Il talento dove non te lo aspetti.

Abilità diverse, risorse da impiegare in azienda, nello sport, nel teatro, nella musica o da inserire nel mondo dell’impresa sociale.

Cos’è il “diversity talent” e come può trovare un ruolo nell’economia? Lo abbiamo chiesto a chi con la diversità convive quotidianamente, lotta contro i pregiudizi culturali e sa utilizzare al meglio le proprie capacità.

Talenti in musica “Non importa se sei disabile o meno quando hai del talento; il talento è democratico”.
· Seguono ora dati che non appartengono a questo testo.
lemma partition_poly_6_1:
  "partition_poly 6 1 u = 1 + 5 * u ^ 2 + 5 * u ^ 4 + u ^ 6"
proof -
  have "{0..1::nat} = {0, 1}"
    by auto
  then show ?thesis
    unfolding partition_poly_def by (simp add: binomial_fact' fact_reduce)
qed

lemma key_inequality_6_1:
  fixes u :: real
  assumes "0 < u" "u \<noteq> 1"
  shows "2 ^ 6 * partition_poly 6 1 u ^ 2 < (2 * real (6 choose 1))\<^sup>2 * (1 + u\<^sup>2) ^ 6"
proof -
  have binom: "real (6 choose 1) = 6"
    by (simp add: binomial_fact' fact_reduce)
  define w where "w = (u - 1)\<^sup>2"
  have w: "0 < w"
    using assms by (simp add: w_def)
  have certificate: "(2 * real (6 choose 1))\<^sup>2 * (1 + u\<^sup>2) ^ 6 - 2 ^ 6 * partition_poly 6 1 u ^ 2 =
       6144 * u ^ 5 * w + 12800 * u ^ 4 * w ^ 2 +
       10752 * u ^ 3 * w ^ 3 + 4544 * u ^ 2 * w ^ 4 +
       960 * u * w ^ 5 + 80 * w ^ 6"
    unfolding partition_poly_6_1 binom w_def by algebra
  have "0 < (2 * real (6 choose 1))\<^sup>2 * (1 + u\<^sup>2) ^ 6 - 2 ^ 6 * partition_poly 6 1 u ^ 2"
    unfolding certificate using assms(1) w by (intro add_pos_pos mult_pos_pos zero_less_power) simp_all
  then show ?thesis
    by (simp only: diff_gt_0_iff_gt)
qed

lemma boundary_inequality_6_1:
  "2 ^ 6 * partition_poly 6 1 (1 / 10) ^ 2 < (2 * real (6 choose 1))\<^sup>2"
  unfolding partition_poly_6_1 by (simp add: binomial_fact' fact_reduce power_divide)

lemma partition_poly_10_2:
  "partition_poly 10 2 u = 1 + 16 * u ^ 2 + 28 * u ^ 4 + 28 * u ^ 6 + 16 * u ^ 8 + u ^ 10"
proof -
  have "{0..2::nat} = {0, 1, 2}"
    by auto
  then show ?thesis
    unfolding partition_poly_def by (simp add: binomial_fact' fact_reduce)
qed

lemma key_inequality_10_2:
  fixes u :: real
  assumes "0 < u" "u \<noteq> 1"
  shows "2 ^ 10 * partition_poly 10 2 u ^ 2 < (2 * real (10 choose 2))\<^sup>2 * (1 + u\<^sup>2) ^ 10"
proof -
  have binom: "real (10 choose 2) = 45"
    by (simp add: binomial_fact' fact_reduce)
  define w where "w = (u - 1)\<^sup>2"
  have w: "0 < w"
    using assms by (simp add: w_def)
  have certificate: "(2 * real (10 choose 2))\<^sup>2 * (1 + u\<^sup>2) ^ 10 - 2 ^ 10 * partition_poly 10 2 u ^ 2 =
       5160960 * u ^ 9 * w + 26660864 * u ^ 8 * w ^ 2 +
       56111104 * u ^ 7 * w ^ 3 + 64616960 * u ^ 6 * w ^ 4 +
       45850112 * u ^ 5 * w ^ 5 + 21159040 * u ^ 4 * w ^ 6 +
       6432512 * u ^ 3 * w ^ 7 + 1251152 * u ^ 2 * w ^ 8 +
       141520 * u * w ^ 9 + 7076 * w ^ 10"
    unfolding partition_poly_10_2 binom w_def by algebra
  have "0 < (2 * real (10 choose 2))\<^sup>2 * (1 + u\<^sup>2) ^ 10 - 2 ^ 10 * partition_poly 10 2 u ^ 2"
    unfolding certificate using assms(1) w by (intro add_pos_pos mult_pos_pos zero_less_power) simp_all
  then show ?thesis
    by (simp only: diff_gt_0_iff_gt)
qed

lemma boundary_inequality_10_2:
  "2 ^ 10 * partition_poly 10 2 (1 / 10) ^ 2 < (2 * real (10 choose 2))\<^sup>2"
  unfolding partition_poly_10_2 by (simp add: binomial_fact' fact_reduce power_divide)

lemma partition_poly_13_3:
  "partition_poly 13 3 u = 1 + 30 * u ^ 2 + 135 * u ^ 4 + 120 * u ^ 6 + 120 * u ^ 7 + 135 * u ^ 9 + 30 * u ^ 11 + u ^ 13"
proof -
  have "{0..3::nat} = {0, 1, 2, 3}"
    by auto
  then show ?thesis
    unfolding partition_poly_def by (simp add: binomial_fact' fact_reduce)
qed

lemma key_inequality_13_3:
  fixes u :: real
  assumes "0 < u" "u \<noteq> 1"
  shows "2 ^ 13 * partition_poly 13 3 u ^ 2 < (2 * real (13 choose 3))\<^sup>2 * (1 + u\<^sup>2) ^ 13"
proof -
  have binom: "real (13 choose 3) = 286"
    by (simp add: binomial_fact' fact_reduce)
  define w where "w = (u - 1)\<^sup>2"
  have w: "0 < w"
    using assms by (simp add: w_def)
  have certificate: "(2 * real (13 choose 3))\<^sup>2 * (1 + u\<^sup>2) ^ 13 - 2 ^ 13 * partition_poly 13 3 u ^ 2 =
       3144187904 * u ^ 12 * w + 19315687424 * u ^ 11 * w ^ 2 +
       51758530560 * u ^ 10 * w ^ 3 + 81154498560 * u ^ 9 * w ^ 4 +
       84040011776 * u ^ 8 * w ^ 5 + 61172686848 * u ^ 7 * w ^ 6 +
       32319344640 * u ^ 6 * w ^ 7 + 12544347648 * u ^ 5 * w ^ 8 +
       3559852800 * u ^ 4 * w ^ 9 + 721383168 * u ^ 3 * w ^ 10 +
       99140480 * u ^ 2 * w ^ 11 + 8293792 * u * w ^ 12 +
       318992 * w ^ 13"
    unfolding partition_poly_13_3 binom w_def by algebra
  have "0 < (2 * real (13 choose 3))\<^sup>2 * (1 + u\<^sup>2) ^ 13 - 2 ^ 13 * partition_poly 13 3 u ^ 2"
    unfolding certificate using assms(1) w by (intro add_pos_pos mult_pos_pos zero_less_power) simp_all
  then show ?thesis
    by (simp only: diff_gt_0_iff_gt)
qed

lemma boundary_inequality_13_3:
  "2 ^ 13 * partition_poly 13 3 (1 / 10) ^ 2 < (2 * real (13 choose 3))\<^sup>2"
  unfolding partition_poly_13_3 by (simp add: binomial_fact' fact_reduce power_divide)

lemma partition_poly_14_3:
  "partition_poly 14 3 u = 1 + 33 * u ^ 2 + 165 * u ^ 4 + 165 * u ^ 6 + 165 * u ^ 8 + 165 * u ^ 10 + 33 * u ^ 12 + u ^ 14"
proof -
  have "{0..3::nat} = {0, 1, 2, 3}"
    by auto
  then show ?thesis
    unfolding partition_poly_def by (simp add: binomial_fact' fact_reduce)
qed

lemma key_inequality_14_3:
  fixes u :: real
  assumes "0 < u" "u \<noteq> 1"
  shows "2 ^ 14 * partition_poly 14 3 u ^ 2 < (2 * real (14 choose 3))\<^sup>2 * (1 + u\<^sup>2) ^ 14"
proof -
  have binom: "real (14 choose 3) = 364"
    by (simp add: binomial_fact' fact_reduce)
  define w where "w = (u - 1)\<^sup>2"
  have w: "0 < w"
    using assms by (simp add: w_def)
  have certificate: "(2 * real (14 choose 3))\<^sup>2 * (1 + u\<^sup>2) ^ 14 - 2 ^ 14 * partition_poly 14 3 u ^ 2 =
       572522496 * u ^ 13 * w + 25515524096 * u ^ 12 * w ^ 2 +
       122030653440 * u ^ 11 * w ^ 3 + 265101574144 * u ^ 10 * w ^ 4 +
       345971687424 * u ^ 9 * w ^ 5 + 305140580352 * u ^ 8 * w ^ 6 +
       192856522752 * u ^ 7 * w ^ 7 + 89879752704 * u ^ 6 * w ^ 8 +
       31173120000 * u ^ 5 * w ^ 9 + 7989363712 * u ^ 4 * w ^ 10 +
       1475155968 * u ^ 3 * w ^ 11 + 186098432 * u ^ 2 * w ^ 12 +
       14380800 * u * w ^ 13 + 513600 * w ^ 14"
    unfolding partition_poly_14_3 binom w_def by algebra
  have "0 < (2 * real (14 choose 3))\<^sup>2 * (1 + u\<^sup>2) ^ 14 - 2 ^ 14 * partition_poly 14 3 u ^ 2"
    unfolding certificate using assms(1) w by (intro add_pos_pos mult_pos_pos zero_less_power) simp_all
  then show ?thesis
    by (simp only: diff_gt_0_iff_gt)
qed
A parlare è Paolo Falessi, fondatore e portavoce dei Ladri di Carrozzelle , gruppo musicale che porta sul palco ragazzi con disabilità fisiche e un vero talento per la musica.

Nati grazie a un sogno di alcuni amici, da più di venti anni bruciano chilometri sulle autostrade italiane.

Con cento date all’anno, 400mila euro di fatturato (“anche se negli ultimi tempi - ammette Paolo - per via della crisi abbiamo anche noi qualche problema”),cinque dischi in studio, due videoclip e sei diverse formazioni, i Ladri di Carrozzelle sono un’impresa che funziona e produce red-dito.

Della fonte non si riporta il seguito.